(Data excerpts)

------------

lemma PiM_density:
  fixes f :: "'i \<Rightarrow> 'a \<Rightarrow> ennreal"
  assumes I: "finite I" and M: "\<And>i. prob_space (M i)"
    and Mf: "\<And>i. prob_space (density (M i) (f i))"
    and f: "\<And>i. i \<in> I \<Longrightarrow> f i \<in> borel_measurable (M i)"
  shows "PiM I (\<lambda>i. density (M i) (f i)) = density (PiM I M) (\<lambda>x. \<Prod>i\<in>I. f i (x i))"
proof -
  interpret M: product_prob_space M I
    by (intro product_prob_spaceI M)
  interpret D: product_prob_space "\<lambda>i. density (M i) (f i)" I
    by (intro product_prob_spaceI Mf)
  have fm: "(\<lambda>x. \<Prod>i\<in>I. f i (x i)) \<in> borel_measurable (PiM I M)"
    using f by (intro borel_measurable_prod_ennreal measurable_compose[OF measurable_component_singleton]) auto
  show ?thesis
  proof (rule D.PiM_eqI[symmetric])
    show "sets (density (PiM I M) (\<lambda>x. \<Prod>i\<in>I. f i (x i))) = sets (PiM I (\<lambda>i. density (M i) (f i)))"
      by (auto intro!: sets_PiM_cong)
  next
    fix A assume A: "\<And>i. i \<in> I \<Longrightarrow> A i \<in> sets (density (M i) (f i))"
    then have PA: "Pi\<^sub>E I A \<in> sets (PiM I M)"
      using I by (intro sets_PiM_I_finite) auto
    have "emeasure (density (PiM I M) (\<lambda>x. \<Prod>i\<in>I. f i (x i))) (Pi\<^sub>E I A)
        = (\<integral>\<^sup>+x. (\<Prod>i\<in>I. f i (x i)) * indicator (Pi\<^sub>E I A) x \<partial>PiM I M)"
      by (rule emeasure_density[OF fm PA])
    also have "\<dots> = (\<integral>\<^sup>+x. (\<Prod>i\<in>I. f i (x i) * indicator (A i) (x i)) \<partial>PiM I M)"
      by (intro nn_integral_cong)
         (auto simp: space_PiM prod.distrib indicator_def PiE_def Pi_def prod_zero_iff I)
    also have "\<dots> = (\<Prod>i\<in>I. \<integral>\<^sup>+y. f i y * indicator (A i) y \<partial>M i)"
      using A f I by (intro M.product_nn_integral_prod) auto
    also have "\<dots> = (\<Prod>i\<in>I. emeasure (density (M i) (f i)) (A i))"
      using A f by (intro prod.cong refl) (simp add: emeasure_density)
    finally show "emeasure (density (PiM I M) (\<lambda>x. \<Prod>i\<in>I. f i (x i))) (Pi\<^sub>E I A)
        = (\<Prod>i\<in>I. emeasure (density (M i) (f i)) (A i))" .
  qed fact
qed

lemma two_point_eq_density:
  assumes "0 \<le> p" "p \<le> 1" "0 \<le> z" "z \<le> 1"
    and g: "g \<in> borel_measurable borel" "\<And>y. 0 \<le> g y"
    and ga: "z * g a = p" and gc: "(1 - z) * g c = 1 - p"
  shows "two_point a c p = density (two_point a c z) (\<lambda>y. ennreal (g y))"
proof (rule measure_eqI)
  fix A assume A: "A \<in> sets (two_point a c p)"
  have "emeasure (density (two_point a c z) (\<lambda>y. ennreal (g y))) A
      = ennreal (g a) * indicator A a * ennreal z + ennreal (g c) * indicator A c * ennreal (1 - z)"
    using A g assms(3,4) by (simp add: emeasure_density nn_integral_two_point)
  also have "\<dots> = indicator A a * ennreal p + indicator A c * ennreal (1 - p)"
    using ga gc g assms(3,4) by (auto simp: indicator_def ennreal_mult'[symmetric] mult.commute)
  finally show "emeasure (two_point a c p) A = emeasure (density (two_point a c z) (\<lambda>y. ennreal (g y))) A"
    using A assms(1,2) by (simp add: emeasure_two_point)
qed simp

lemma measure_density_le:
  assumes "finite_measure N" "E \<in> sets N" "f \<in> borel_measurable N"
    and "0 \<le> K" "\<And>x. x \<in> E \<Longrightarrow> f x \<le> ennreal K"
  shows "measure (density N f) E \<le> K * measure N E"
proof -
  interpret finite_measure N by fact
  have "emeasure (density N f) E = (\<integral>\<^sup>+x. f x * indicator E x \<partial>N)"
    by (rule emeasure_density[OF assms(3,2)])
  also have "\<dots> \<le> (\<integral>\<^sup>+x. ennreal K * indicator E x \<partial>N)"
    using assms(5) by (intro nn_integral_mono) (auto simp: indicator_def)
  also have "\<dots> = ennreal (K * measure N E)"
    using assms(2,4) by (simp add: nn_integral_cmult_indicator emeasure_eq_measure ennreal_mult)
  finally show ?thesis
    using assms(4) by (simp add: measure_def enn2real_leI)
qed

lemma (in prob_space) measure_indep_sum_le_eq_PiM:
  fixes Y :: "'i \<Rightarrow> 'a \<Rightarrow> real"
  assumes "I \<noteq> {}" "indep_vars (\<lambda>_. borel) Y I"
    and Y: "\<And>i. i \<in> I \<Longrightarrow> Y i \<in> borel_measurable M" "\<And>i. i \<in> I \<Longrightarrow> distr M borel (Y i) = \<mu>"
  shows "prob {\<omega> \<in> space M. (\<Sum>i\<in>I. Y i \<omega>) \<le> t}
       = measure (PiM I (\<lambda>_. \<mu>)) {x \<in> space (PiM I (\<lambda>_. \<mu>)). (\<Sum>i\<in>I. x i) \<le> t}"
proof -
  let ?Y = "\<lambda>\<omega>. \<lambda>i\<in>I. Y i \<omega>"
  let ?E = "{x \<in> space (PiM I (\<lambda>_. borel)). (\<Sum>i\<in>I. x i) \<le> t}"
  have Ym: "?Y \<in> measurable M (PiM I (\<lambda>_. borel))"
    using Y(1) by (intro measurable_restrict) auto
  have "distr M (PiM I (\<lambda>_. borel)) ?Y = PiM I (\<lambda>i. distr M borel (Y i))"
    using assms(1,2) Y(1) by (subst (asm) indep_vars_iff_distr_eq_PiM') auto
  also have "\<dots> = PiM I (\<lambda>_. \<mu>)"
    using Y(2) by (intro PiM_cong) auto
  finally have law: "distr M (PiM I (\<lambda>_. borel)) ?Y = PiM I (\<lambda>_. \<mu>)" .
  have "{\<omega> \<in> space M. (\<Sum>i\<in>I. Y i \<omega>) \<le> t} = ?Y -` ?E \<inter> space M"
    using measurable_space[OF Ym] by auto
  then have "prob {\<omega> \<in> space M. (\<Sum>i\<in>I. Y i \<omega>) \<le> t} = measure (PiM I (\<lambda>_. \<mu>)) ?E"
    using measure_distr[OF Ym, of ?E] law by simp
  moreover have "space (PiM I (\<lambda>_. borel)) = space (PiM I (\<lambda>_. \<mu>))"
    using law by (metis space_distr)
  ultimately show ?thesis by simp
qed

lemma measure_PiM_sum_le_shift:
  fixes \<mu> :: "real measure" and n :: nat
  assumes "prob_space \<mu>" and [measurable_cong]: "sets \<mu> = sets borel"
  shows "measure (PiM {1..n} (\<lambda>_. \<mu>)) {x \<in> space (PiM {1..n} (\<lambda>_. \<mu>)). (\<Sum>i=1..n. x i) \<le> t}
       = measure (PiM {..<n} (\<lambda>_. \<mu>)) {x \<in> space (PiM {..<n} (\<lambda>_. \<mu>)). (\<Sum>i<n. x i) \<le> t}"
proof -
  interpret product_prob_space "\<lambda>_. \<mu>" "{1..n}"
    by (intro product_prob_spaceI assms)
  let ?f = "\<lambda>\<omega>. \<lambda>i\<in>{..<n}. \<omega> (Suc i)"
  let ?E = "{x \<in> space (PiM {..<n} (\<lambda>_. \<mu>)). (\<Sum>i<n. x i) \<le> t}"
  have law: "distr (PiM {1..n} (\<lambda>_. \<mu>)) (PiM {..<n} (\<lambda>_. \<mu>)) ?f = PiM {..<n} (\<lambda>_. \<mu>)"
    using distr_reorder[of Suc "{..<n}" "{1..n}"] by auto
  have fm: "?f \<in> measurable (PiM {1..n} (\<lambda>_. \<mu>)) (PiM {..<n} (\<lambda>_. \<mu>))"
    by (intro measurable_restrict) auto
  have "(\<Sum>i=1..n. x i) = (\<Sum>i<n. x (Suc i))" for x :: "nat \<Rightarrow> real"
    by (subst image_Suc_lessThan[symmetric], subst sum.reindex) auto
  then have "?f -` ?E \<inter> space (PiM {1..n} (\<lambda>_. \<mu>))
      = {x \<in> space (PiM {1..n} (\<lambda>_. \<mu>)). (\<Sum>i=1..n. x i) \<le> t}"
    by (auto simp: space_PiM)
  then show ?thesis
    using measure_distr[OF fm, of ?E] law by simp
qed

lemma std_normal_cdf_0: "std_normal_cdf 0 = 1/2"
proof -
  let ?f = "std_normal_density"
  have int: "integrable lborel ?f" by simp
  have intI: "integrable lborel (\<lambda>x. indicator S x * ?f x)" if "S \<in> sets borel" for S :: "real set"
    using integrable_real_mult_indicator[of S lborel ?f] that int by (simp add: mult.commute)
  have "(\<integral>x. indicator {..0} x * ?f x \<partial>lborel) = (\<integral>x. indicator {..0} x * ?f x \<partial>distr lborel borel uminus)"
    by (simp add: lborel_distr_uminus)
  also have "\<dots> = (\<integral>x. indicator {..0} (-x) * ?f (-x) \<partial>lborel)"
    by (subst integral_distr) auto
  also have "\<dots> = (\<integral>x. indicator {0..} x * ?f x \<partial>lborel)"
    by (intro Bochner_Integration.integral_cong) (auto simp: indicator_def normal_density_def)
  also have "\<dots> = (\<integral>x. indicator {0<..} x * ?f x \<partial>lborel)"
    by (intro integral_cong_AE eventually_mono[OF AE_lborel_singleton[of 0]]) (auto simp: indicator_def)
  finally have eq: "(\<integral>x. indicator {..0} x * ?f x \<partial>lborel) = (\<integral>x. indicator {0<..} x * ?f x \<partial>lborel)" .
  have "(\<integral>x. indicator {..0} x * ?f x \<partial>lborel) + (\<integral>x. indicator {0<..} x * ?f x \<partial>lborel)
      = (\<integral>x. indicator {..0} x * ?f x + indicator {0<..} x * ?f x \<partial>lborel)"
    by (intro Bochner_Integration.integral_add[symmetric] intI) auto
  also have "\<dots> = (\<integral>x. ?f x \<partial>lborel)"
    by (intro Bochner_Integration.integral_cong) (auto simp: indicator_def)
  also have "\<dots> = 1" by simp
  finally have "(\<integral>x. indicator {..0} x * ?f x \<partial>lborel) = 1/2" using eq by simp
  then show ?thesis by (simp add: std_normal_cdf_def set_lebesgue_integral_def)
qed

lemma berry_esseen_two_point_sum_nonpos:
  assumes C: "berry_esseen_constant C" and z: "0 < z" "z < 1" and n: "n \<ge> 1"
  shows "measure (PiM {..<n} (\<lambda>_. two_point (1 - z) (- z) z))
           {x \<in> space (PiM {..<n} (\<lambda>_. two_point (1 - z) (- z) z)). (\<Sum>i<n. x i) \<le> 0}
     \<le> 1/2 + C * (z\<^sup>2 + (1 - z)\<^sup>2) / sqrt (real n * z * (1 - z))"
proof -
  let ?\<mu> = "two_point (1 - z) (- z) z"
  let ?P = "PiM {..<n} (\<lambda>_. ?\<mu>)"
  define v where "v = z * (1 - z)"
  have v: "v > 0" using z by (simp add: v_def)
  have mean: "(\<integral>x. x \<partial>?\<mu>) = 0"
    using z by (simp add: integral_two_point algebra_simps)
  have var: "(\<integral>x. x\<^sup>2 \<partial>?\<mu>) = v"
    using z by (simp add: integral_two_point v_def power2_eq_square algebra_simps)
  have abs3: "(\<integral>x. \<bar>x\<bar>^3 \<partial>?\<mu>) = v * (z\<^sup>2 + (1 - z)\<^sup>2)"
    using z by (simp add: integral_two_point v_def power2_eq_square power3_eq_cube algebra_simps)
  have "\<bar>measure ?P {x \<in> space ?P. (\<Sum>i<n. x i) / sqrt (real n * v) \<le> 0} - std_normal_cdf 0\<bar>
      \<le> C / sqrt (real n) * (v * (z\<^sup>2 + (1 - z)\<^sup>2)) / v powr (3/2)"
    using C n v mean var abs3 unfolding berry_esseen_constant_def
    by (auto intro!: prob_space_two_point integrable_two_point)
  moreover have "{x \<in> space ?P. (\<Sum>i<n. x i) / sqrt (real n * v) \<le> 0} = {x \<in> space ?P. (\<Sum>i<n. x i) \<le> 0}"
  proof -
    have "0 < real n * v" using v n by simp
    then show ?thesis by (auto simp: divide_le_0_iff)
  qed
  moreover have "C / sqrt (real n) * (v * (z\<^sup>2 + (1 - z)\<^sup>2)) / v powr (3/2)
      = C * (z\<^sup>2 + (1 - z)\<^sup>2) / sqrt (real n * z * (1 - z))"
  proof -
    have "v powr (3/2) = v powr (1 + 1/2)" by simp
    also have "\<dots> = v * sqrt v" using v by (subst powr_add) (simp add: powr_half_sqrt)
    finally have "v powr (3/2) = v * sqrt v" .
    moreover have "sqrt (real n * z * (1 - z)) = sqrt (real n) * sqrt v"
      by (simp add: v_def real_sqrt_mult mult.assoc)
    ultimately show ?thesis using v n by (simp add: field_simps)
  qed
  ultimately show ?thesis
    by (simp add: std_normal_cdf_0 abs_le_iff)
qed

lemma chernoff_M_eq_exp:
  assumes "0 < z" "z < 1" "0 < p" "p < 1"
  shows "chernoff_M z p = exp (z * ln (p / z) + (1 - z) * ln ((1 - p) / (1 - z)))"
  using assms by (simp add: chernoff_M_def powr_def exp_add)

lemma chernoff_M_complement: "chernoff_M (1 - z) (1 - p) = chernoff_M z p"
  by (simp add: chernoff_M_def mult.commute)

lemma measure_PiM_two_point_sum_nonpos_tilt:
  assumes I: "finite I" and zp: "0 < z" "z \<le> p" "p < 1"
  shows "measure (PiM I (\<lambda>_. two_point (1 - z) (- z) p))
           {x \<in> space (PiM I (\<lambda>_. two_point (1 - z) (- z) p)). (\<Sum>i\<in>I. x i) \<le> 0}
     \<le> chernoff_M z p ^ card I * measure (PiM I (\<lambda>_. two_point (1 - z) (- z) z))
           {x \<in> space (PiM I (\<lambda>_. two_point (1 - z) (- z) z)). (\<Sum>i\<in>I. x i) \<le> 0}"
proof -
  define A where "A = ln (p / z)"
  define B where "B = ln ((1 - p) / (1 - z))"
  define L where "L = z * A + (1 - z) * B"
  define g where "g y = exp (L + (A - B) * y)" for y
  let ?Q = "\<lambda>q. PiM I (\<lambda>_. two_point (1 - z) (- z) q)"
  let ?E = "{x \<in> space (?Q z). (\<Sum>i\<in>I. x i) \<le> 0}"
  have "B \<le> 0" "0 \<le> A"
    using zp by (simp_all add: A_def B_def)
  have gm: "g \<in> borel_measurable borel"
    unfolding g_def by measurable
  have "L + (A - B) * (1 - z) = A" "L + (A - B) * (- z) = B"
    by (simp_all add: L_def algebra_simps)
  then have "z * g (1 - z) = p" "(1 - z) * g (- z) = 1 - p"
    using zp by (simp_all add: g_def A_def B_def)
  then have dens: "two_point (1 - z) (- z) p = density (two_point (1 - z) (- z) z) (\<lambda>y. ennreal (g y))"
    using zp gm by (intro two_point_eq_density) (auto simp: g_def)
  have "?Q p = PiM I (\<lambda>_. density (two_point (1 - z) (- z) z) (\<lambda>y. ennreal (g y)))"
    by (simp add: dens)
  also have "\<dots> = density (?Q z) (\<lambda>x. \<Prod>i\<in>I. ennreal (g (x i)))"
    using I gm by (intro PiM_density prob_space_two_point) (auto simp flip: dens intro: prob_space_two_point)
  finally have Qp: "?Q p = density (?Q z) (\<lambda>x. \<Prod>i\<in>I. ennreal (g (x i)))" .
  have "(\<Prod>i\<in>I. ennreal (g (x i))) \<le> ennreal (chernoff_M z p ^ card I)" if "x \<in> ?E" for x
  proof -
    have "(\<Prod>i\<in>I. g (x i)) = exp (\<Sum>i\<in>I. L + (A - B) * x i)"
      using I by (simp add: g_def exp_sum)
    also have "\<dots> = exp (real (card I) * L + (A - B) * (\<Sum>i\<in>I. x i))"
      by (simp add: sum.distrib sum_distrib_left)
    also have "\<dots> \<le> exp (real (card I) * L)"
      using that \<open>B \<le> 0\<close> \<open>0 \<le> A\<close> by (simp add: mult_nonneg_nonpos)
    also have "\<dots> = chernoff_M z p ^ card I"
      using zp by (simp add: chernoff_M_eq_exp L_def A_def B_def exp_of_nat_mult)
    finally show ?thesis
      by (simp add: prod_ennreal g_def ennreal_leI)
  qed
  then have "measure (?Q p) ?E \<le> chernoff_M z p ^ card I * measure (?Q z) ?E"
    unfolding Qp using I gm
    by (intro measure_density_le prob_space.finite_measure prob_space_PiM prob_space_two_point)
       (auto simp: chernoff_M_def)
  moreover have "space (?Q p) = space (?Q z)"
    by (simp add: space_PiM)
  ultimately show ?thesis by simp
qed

------------

• [TASK INSTRUCTIONS]: Gather from the entries above all lines that include the string "fixes".

• [WRITTEN RESPONSE]:
  fixes f :: "'i \<Rightarrow> 'a \<Rightarrow> ennreal"
  fixes Y :: "'i \<Rightarrow> 'a \<Rightarrow> real"
  fixes \<mu> :: "real measure" and n :: nat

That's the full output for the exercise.